Frequently asked questions

Is it safe to connect my wallet to Zerion, Zapper, or Koinly?
Read-only connections cannot move your funds, but they can see your full balance and transaction history. That data could be subpoenaed, breached, or sold, so treat the privacy trade-off as real. If that is unacceptable, use a local tool like Rotki, or keep labeling inside your wallet and explorer and skip the cloud dashboard. This is general education, not financial or security advice.
How do I label a transaction I do not recognize?
Open the transaction hash on the relevant block explorer, look at the 'To' and 'From' addresses, and check whether either is a known contract, exchange, or flagged address. Most explorers also show an input data field, which for simple ETH transfers is empty and for swaps or approvals decodes into a human-readable method like 'swapExactTokensForETH'. Once you identify the counterparty, add a private name tag in your wallet or on Etherscan so the next occurrence is labeled automatically.
Should I bother labeling if I only hold a few tokens?

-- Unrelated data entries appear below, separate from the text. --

theorem lemma5:
  fixes \<omega> :: "(real \<times> real) set" and S :: "(real \<times> real) set set"
  assumes "rect_convex_obstacle \<omega>"
    and "minimum_skeleton \<omega> S"
  shows "card S = 1 \<longleftrightarrow> has_diagonal \<omega>"
proof -
  note \<omega> = rect_convex_obstacle_properties[OF assms(1)]
  have sk: "skeleton \<omega> S" and minimal: "\<And>S'. skeleton \<omega> S' \<Longrightarrow> card S \<le> card S'"
    using assms(2) by (auto simp: minimum_skeleton_def)
  show ?thesis
  proof
    assume "card S = 1"
    then obtain s where "S = {s}" by (rule card_1_singletonE)
    then show "has_diagonal \<omega>" using single_segment_skeleton_diagonal sk \<omega>(1,2) by blast
  next
    assume "has_diagonal \<omega>"
    then obtain c d where "opposite_extreme_corners \<omega> c d" "closed_segment c d \<subseteq> \<omega>"
      by (auto simp: has_diagonal_def)
    then have "card S \<le> 1"
      using minimal[OF diagonal_skeleton[OF \<omega>(4,1,3)]] by simp
    moreover have "card S \<noteq> 0"
      using skeleton_nonempty[OF sk \<omega>(1,3)] sk by (simp add: skeleton_def)
    ultimately show "card S = 1" by linarith
  qed
qed

end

Yes, even small histories benefit. A single approval you forget about can become a security hole months later, and a single unlabeled airdrop can complicate a tax filing. The cost is one minute per transaction, and the payoff is a wallet that answers questions instead of creating them. The advice here is educational, not a recommendation to use any specific tool.
What is the difference between a wallet address book and an Etherscan private name tag?
A wallet address book lives inside one wallet app on one device and only helps you confirm outgoing transactions. A private name tag lives on the block explorer, follows you across browsers when you sign in, and is visible on every transaction involving that address, including incoming ones from unknown senders. Power users combine both: wallet contacts for the addresses they send to, and explorer tags for contracts, exchanges, and flagged addresses.